Table of Contents
Journal of Gravity
Volume 2015, Article ID 530850, 5 pages
http://dx.doi.org/10.1155/2015/530850
Research Article

Symmetry and the Arrow of Time in Theoretical Black Hole Astrophysics

Department of Physics, Kennesaw State University, Marietta, GA 30060, USA

Received 9 May 2015; Accepted 5 July 2015

Academic Editor: Cosimo Bambi

Copyright © 2015 David Garofalo. This is an open access article distributed under the Creative Commons Attribution License, which permits unrestricted use, distribution, and reproduction in any medium, provided the original work is properly cited.

Abstract

While the basic laws of physics seem time-reversal invariant, our understanding of the apparent irreversibility of the macroscopic world is well grounded in the notion of entropy. Because astrophysics deals with the largest structures in the Universe, one expects evidence there for the most pronounced entropic arrow of time. However, in recent theoretical astrophysics work it appears possible to identify constructs with time-reversal symmetry, which is puzzling in the large-scale realm especially because it involves the engines of powerful outflows in active galactic nuclei which deal with macroscopic constituents such as accretion disks, magnetic fields, and black holes.

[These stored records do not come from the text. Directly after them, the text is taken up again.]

lemma derivation_if_Leibniz_on_paths:
  assumes D: "lin_endo (D :: (('v, 'a) path \<Rightarrow> 'k::field) \<Rightarrow> _)"
    and Leibniz: "\<And>p q. p \<in> B \<Longrightarrow> q \<in> B \<Longrightarrow>
      D (mul (path_elem p) (path_elem q)) = mul (D (path_elem p)) (path_elem q) + mul (path_elem p) (D (path_elem q))"
  shows "D \<in> Der"
  unfolding derivations_iff
proof (intro conjI D ballI)
  fix x y :: "('v, 'a) path \<Rightarrow> 'k" assume x: "x \<in> \<Lambda>" and y: "y \<in> \<Lambda>"
  have "D (mul x y) = D (\<Sum>p\<in>B. \<Sum>q\<in>B. kscale (x p * y q) (mul (path_elem p) (path_elem q)))"
    using x y by (simp add: mul_expansion_left[of x] mul_expansion_right[of y] mul_kscale_right
        kscale_sum mult.commute) (rule arg_cong[of _ _ D], rule sum.swap)
  also have "\<dots> = (\<Sum>p\<in>B. \<Sum>q\<in>B. kscale (x p * y q) (D (mul (path_elem p) (path_elem q))))"
    by (simp add: lin_endo_sum[OF D] lin_endoD(4)[OF D])
  also have "\<dots> = (\<Sum>p\<in>B. \<Sum>q\<in>B. kscale (x p * y q) (mul (D (path_elem p)) (path_elem q)) +
      kscale (x p * y q) (mul (path_elem p) (D (path_elem q))))"
    by (intro sum.cong refl) (simp add: Leibniz kscale_add)
  also have "\<dots> = mul (\<Sum>p\<in>B. kscale (x p) (D (path_elem p))) (\<Sum>q\<in>B. kscale (y q) (path_elem q)) +
      mul (\<Sum>p\<in>B. kscale (x p) (path_elem p)) (\<Sum>q\<in>B. kscale (y q) (D (path_elem q)))"
    by (simp add: sum.distrib mul_sum_left mul_sum_right mul_kscale_left mul_kscale_right kscale_sum
        mult.commute) (intro arg_cong2[where f="(+)"] sum.swap)
  also have "\<dots> = mul (D x) y + mul x (D y)"
    using carrier_expansion[OF x] carrier_expansion[OF y] lin_endo_expansion[OF D x]
      lin_endo_expansion[OF D y] by metis
  finally show "D (mul x y) = mul (D x) y + mul x (D y)" .
qed

definition ad :: "(('v, 'a) path \<Rightarrow> 'k::field) \<Rightarrow> (('v, 'a) path \<Rightarrow> 'k) \<Rightarrow> (('v, 'a) path \<Rightarrow> 'k)" where
  "ad z = (\<lambda>x. if x \<in> \<Lambda> then mul z x - mul x z else 0)"

lemma inner_derivations_eq: "inner_derivations V A s t m = ad ` \<Lambda>"
  unfolding inner_derivations_def Let_def ad_def by auto

lemma ad_in_derivations:
  assumes z: "(z :: ('v, 'a) path \<Rightarrow> 'k::field) \<in> \<Lambda>"
  shows "ad z \<in> Der"
  unfolding derivations_iff
proof (intro conjI ballI)
  show "lin_endo (ad z)"
    unfolding lin_endo_def ad_def
    by (simp add: mul_add_left mul_add_right mul_kscale_left mul_kscale_right kscale_diff)
  fix x y :: "('v, 'a) path \<Rightarrow> 'k" assume x: "x \<in> \<Lambda>" and y: "y \<in> \<Lambda>"
  have "mul (mul z x) y - mul (mul x z) y + (mul x (mul z y) - mul x (mul y z)) =
        mul z (mul x y) - mul (mul x y) z"
    using mul_assoc[OF z x y] mul_assoc[OF x z y] mul_assoc[OF x y z] by simp
  then show "ad z (mul x y) = mul (ad z x) y + mul x (ad z y)"
    using x y by (simp add: ad_def mul_diff_left mul_diff_right)
qed

lemma ad_add: "ad (z1 + z2) = ad z1 + ad z2"
  by (rule ext) (simp add: ad_def mul_add_left mul_add_right)

lemma ad_diff: "ad (z1 - z2) = ad z1 - ad z2"
  by (rule ext) (simp add: ad_def mul_diff_left mul_diff_right)

lemma ad_kscale: "ad (kscale c z) = map_scale c (ad z)"
  by (rule ext) (simp add: ad_def mul_kscale_left mul_kscale_right map_scale_apply kscale_diff)

lemma ad_zero: "ad 0 = 0"
  by (rule ext) (simp add: ad_def)

lemma ad_sum: "ad (\<Sum>i\<in>I. f i) = (\<Sum>i\<in>I. ad (f i))"
proof (induction I rule: infinite_finite_induct)
  case (infinite I)
  then show ?case by (simp only: sum.infinite[OF infinite] ad_zero)
next
  case empty
  then show ?case by (simp only: sum.empty ad_zero)
next
  case (insert i I)
  then show ?case by (simp only: sum.insert[OF insert.hyps] ad_add insert.IH)
qed

lemma ad_one: "ad one_elem = 0"
  by (rule ext) (simp add: ad_def mul_one_left mul_one_right)

lemma ad_vertex:
  assumes "z \<in> \<Lambda>"
  shows "ad z (vertex_elem w) = (\<lambda>r. (if tgt r = w then z r else 0) - (if fst r = w then z r else 0))"
  by (rule ext) (simp add: ad_def mul_vertex_left[OF assms] mul_vertex_right[OF assms])

lemma ad_vertex_combination_at_vertex:
  "ad (\<Sum>v\<in>V. kscale (c v) (vertex_elem v)) (vertex_elem w) = (0 :: ('v, 'a) path \<Rightarrow> 'k::field)"
proof -
  have "mul (\<Sum>v\<in>V. kscale (c v) (vertex_elem v)) (vertex_elem w) =
      (\<Sum>v\<in>V. if v = w then kscale (c v) (vertex_elem v) else (0 :: ('v, 'a) path \<Rightarrow> 'k))"
    by (simp add: mul_sum_left mul_kscale_left mul_vertex_path_elem) (intro sum.cong refl, auto)
  moreover have "mul (vertex_elem w) (\<Sum>v\<in>V. kscale (c v) (vertex_elem v)) =
      (\<Sum>v\<in>V. if v = w then kscale (c v) (vertex_elem v) else (0 :: ('v, 'a) path \<Rightarrow> 'k))"
    by (simp add: mul_sum_right mul_kscale_right mul_vertex_path_elem) (intro sum.cong refl, auto)
  ultimately show ?thesis by (simp add: ad_def)
qed

lemma center_vertex_coeffs_eq:
  assumes conn: "connected_quiver V A s t" and z: "z \<in> \<Lambda>" and central: "ad z = 0"
    and u: "u \<in> V" and v: "v \<in> V"
  shows "z (u, []) = z (v, [])"
proof (rule connected_quiver_const[OF conn _ u v, where f = "\<lambda>w. z (w, [])"])
  fix b assume b: "b \<in> A"
  have "path_cat (s b, []) (s b, [b]) = (s b, [b])" and "path_cat (s b, [b]) (t b, []) = (s b, [b])"
    by (simp_all add: path_cat_def)
  then have "mul z (arrow_elem b) (s b, [b]) = z (s b, [])" and "mul (arrow_elem b) z (s b, [b]) = z (t b, [])"
    using coeff_mul_path_elem_right[OF z, of "(s b, [])" "(s b, [b])"]
      coeff_mul_path_elem_left[OF z, of "(s b, [b])" "(t b, [])"] arrow_short_path[OF b]
    by (simp_all add: path_tgt_def)
  moreover have "ad z (arrow_elem b) (s b, [b]) = 0"
    using central by simp
  ultimately show "z (s b, []) = z (t b, [])"
    by (simp add: ad_def)
qed

text \<open>arrow_der a e is the derivation D_(a,\<epsilon>) of the paper: it maps a path to the sum of the paths
  obtained by replacing one occurrence of a by e.\<close>

definition arrow_subst :: "'a \<Rightarrow> ('v, 'a) path \<Rightarrow> ('v, 'a) path \<Rightarrow> ('v, 'a) path \<Rightarrow> 'k::field" where
  "arrow_subst a e p = (\<Sum>i<path_len p. if snd p ! i = a then
     mul (mul (path_elem (path_prefix p i)) (path_elem e)) (path_elem (path_suffix t p (Suc i))) else 0)"

definition arrow_der :: "'a \<Rightarrow> ('v, 'a) path \<Rightarrow> (('v, 'a) path \<Rightarrow> 'k::field) \<Rightarrow> (('v, 'a) path \<Rightarrow> 'k)" where
  "arrow_der a e = (\<lambda>x. if x \<in> \<Lambda> then \<Sum>p\<in>B. kscale (x p) (arrow_subst a e p) else 0)"

lemma arrow_subst_in_carrier [simp]: "arrow_subst a e p \<in> \<Lambda>"
  by (simp add: arrow_subst_def)

lemma lin_endo_arrow_der: "lin_endo (arrow_der a e)"
  unfolding lin_endo_def arrow_der_def by (simp add: sum.distrib kscale_add_left kscale_sum)

lemma arrow_der_path_elem: "arrow_der a e (path_elem r) = (if r \<in> B then arrow_subst a e r else 0)"
proof -
  have "(\<Sum>p\<in>B. kscale (path_elem r p) (arrow_subst a e p)) = (\<Sum>p\<in>B. if p = r then arrow_subst a e r else 0)"
    by (intro sum.cong refl) (auto simp: path_elem_def)
  then show ?thesis by (simp add: arrow_der_def finite_short_paths)
qed

lemma arrow_der_vertex: "v \<in> V \<Longrightarrow> arrow_der a e (vertex_elem v) = 0"
  using vertex_short_path by (simp add: arrow_der_path_elem arrow_subst_def path_len_def)

lemma arrow_der_arrow:
  assumes "b \<in> A" and "fst e = s a" and "tgt e = t a"
  shows "arrow_der a e (arrow_elem b) = (if b = a then path_elem e else 0)"
proof -
  have "arrow_der a e (arrow_elem b) = arrow_subst a e (s b, [b])"
    using arrow_short_path[OF assms(1)] by (simp add: arrow_der_path_elem)
  also have "\<dots> = (if b = a then mul (mul (vertex_elem (s b)) (path_elem e)) (vertex_elem (t b)) else 0)"
    by (simp add: arrow_subst_def path_len_def path_prefix_def path_suffix_def path_tgt_def)
  also have "\<dots> = (if b = a then path_elem e else 0)"
    using assms(2,3) by (simp add: mul_vertex_path_elem mul_path_elem_vertex)
  finally show ?thesis .
qed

Nonetheless, the underlying theoretical structure from which this accreting black hole framework emerges displays a time-symmetric harmonic behavior, a feature reminiscent of basic and simple laws of physics. While we may expect such behavior for classical black holes due to their simplicity, manifestations of such symmetry on the scale of galaxies, instead, surprise. In fact, we identify a parallel between the astrophysical tug-of-war between accretion disks and jets in this model and the time symmetry-breaking of a simple overdamped harmonic oscillator. The validity of these theoretical ideas in combination with this unexpected parallel suggests that black holes are more influential in astrophysics than currently recognized and that black hole astrophysics is a more fundamental discipline.